**WHAT YOU WILL DO**
For each line in the data that includes "moreover", make a copy.

=== INFORMATION GIVEN ===

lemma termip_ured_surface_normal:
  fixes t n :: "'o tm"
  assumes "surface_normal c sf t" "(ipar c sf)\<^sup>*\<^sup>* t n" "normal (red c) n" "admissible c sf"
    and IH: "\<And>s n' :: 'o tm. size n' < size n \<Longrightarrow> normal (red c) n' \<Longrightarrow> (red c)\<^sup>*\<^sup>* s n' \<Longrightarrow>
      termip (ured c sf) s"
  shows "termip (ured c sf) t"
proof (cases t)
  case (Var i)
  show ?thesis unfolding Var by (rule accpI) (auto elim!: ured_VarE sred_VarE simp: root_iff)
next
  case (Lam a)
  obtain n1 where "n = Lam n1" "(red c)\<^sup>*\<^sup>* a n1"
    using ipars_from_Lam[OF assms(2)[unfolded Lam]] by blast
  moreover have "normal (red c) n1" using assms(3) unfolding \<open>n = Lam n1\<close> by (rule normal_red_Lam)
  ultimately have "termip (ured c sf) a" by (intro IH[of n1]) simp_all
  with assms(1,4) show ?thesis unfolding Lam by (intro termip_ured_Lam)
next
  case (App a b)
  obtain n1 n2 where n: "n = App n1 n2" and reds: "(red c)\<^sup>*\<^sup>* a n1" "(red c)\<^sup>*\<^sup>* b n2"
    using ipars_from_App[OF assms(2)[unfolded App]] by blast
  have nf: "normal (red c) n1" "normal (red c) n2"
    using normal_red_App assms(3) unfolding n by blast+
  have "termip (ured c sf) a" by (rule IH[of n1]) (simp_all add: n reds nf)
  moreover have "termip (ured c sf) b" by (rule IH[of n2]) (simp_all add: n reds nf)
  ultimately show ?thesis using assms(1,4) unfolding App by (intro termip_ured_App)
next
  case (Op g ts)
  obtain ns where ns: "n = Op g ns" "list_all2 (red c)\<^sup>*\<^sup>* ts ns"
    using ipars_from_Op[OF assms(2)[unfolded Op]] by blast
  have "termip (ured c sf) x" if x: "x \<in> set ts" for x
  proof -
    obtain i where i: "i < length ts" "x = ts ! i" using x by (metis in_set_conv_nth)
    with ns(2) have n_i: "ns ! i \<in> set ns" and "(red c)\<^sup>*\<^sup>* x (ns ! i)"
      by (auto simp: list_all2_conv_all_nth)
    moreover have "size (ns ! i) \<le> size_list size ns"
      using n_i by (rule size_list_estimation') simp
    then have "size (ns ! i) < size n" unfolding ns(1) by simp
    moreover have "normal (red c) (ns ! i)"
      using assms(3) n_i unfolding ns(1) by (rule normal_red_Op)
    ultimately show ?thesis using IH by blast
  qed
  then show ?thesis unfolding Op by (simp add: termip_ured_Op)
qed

===
=== INFORMATION GIVEN ===

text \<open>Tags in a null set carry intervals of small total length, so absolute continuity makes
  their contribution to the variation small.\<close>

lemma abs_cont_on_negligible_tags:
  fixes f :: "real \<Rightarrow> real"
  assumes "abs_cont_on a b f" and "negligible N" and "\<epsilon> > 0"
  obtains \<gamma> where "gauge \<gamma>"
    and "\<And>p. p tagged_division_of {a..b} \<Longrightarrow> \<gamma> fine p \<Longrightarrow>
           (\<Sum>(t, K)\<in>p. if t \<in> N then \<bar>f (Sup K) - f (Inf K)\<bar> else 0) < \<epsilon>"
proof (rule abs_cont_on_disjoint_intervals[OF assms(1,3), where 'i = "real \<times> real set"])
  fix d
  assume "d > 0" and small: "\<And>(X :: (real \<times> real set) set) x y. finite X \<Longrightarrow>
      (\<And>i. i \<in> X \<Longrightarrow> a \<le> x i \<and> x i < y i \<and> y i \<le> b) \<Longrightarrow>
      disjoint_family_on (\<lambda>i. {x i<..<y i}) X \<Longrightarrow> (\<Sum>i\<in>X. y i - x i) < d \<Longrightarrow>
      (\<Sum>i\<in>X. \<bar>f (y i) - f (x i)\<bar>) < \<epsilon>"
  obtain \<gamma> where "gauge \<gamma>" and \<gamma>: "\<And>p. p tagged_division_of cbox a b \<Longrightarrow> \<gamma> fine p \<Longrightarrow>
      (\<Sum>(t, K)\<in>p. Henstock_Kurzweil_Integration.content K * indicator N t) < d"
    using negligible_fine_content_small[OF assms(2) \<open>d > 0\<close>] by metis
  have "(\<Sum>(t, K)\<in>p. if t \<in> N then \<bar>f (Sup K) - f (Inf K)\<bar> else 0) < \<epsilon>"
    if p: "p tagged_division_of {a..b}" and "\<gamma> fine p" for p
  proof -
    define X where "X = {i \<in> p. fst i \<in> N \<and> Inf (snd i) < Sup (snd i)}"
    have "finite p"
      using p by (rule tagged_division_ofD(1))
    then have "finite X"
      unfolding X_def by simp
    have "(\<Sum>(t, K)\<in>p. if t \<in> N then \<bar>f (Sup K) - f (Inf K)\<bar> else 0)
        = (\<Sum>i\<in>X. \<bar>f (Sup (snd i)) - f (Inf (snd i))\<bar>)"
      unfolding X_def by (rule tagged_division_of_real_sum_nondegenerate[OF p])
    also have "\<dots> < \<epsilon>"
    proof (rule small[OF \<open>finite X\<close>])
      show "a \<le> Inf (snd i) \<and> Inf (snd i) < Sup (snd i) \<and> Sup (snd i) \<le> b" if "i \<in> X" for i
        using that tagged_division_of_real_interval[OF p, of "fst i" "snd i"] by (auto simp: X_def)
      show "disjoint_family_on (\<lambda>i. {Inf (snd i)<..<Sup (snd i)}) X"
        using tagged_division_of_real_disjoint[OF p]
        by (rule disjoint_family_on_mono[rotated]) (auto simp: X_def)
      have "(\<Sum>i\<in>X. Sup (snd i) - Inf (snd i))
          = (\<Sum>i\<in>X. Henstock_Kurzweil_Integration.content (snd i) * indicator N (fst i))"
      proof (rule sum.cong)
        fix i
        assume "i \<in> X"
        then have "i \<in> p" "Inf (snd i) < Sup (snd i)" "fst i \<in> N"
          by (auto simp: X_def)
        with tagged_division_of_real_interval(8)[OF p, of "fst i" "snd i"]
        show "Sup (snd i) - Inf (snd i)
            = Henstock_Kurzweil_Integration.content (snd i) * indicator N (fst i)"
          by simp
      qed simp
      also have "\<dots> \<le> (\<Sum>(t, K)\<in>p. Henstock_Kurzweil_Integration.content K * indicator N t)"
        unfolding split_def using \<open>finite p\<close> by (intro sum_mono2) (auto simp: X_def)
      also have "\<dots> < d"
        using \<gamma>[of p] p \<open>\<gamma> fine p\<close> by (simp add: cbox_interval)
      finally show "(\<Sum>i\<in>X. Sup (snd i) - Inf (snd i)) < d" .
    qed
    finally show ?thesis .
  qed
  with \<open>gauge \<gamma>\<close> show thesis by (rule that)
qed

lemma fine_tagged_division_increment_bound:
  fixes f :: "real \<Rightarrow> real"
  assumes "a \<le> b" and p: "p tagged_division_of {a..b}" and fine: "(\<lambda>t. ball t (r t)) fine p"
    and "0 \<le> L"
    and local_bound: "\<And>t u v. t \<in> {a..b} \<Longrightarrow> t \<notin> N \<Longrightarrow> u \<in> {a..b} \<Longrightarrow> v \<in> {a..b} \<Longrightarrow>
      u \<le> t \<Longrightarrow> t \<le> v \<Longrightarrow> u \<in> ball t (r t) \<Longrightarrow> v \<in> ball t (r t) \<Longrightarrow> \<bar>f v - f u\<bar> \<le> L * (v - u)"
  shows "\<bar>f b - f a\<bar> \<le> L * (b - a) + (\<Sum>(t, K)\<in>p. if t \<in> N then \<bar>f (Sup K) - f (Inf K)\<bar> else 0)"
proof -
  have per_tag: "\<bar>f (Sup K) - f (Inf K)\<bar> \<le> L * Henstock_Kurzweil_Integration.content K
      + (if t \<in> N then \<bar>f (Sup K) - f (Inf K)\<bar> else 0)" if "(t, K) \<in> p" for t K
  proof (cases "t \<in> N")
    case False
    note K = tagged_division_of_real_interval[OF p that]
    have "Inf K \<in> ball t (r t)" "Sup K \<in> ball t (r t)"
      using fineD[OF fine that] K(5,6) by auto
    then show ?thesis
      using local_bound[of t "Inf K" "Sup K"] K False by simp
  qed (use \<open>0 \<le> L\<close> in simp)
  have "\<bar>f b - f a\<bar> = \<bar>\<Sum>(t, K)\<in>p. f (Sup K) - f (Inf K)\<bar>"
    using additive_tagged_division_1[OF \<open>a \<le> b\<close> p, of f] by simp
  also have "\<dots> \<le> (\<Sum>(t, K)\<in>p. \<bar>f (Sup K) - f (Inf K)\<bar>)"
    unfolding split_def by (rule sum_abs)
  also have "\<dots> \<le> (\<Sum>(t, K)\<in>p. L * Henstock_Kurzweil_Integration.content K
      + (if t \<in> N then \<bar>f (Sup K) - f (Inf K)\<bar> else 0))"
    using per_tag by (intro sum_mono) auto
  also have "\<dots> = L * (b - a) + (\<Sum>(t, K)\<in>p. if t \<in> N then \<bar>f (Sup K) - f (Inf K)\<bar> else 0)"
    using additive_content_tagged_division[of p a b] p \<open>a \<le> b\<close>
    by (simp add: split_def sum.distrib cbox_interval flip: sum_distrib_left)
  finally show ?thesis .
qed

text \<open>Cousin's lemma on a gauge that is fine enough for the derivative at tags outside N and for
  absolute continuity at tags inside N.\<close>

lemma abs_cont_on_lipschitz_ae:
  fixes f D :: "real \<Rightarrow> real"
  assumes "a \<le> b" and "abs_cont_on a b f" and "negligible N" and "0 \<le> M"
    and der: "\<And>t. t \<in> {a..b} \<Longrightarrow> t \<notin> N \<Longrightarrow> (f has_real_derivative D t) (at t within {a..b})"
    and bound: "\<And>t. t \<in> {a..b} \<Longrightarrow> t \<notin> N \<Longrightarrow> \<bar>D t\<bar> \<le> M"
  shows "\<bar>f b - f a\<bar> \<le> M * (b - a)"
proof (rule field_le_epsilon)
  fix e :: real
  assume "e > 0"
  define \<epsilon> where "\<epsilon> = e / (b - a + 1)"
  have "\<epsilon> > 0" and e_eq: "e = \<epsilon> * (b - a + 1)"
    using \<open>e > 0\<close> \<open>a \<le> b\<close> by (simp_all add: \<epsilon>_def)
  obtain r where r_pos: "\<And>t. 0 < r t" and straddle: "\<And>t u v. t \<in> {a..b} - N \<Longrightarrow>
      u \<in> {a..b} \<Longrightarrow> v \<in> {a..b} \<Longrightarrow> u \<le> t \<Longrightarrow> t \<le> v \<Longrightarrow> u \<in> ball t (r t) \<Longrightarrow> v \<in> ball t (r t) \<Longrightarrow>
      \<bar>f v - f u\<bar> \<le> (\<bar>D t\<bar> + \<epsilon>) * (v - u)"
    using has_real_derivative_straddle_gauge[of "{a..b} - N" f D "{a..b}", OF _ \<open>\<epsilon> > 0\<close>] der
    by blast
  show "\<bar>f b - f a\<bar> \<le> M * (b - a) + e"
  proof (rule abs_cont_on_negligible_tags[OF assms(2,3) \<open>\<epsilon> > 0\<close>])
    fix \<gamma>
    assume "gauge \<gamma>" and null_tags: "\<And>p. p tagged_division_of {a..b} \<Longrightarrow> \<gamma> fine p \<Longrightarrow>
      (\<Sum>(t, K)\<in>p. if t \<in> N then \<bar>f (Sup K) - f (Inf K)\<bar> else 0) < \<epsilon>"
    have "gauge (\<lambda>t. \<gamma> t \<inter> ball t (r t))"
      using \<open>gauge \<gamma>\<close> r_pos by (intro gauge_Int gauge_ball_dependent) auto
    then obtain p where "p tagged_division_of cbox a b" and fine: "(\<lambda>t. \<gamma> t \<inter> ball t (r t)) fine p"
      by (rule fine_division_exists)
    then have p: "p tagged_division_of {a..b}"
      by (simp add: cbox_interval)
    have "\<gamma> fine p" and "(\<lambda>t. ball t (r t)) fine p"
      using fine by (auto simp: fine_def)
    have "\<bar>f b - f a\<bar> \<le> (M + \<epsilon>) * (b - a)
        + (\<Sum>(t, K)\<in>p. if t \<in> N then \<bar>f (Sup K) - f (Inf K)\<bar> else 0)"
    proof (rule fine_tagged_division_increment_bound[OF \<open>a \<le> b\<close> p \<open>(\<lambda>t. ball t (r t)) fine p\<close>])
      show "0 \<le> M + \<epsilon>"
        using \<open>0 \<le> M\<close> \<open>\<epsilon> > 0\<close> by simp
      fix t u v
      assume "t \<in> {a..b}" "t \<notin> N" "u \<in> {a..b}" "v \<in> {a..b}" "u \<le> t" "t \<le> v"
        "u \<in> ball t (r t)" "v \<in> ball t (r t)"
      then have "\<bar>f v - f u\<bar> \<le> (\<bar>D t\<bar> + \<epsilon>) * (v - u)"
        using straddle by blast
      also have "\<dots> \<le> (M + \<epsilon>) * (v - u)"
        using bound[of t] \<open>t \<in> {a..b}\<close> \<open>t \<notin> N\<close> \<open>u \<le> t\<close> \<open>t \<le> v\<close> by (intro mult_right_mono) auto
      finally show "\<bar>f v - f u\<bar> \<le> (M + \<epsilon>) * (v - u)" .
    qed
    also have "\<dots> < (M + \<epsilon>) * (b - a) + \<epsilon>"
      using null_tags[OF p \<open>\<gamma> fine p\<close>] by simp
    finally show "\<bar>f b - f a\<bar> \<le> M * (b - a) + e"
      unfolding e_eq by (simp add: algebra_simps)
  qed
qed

===

**RESULT OF THIS TASK**
  moreover have "normal (red c) n1" using assms(3) unfolding \<open>n = Lam n1\<close> by (rule normal_red_Lam)
  moreover have "termip (ured c sf) b" by (rule IH[of n2]) (simp_all add: n reds nf)
    moreover have "size (ns ! i) \<le> size_list size ns"
    moreover have "normal (red c) (ns ! i)"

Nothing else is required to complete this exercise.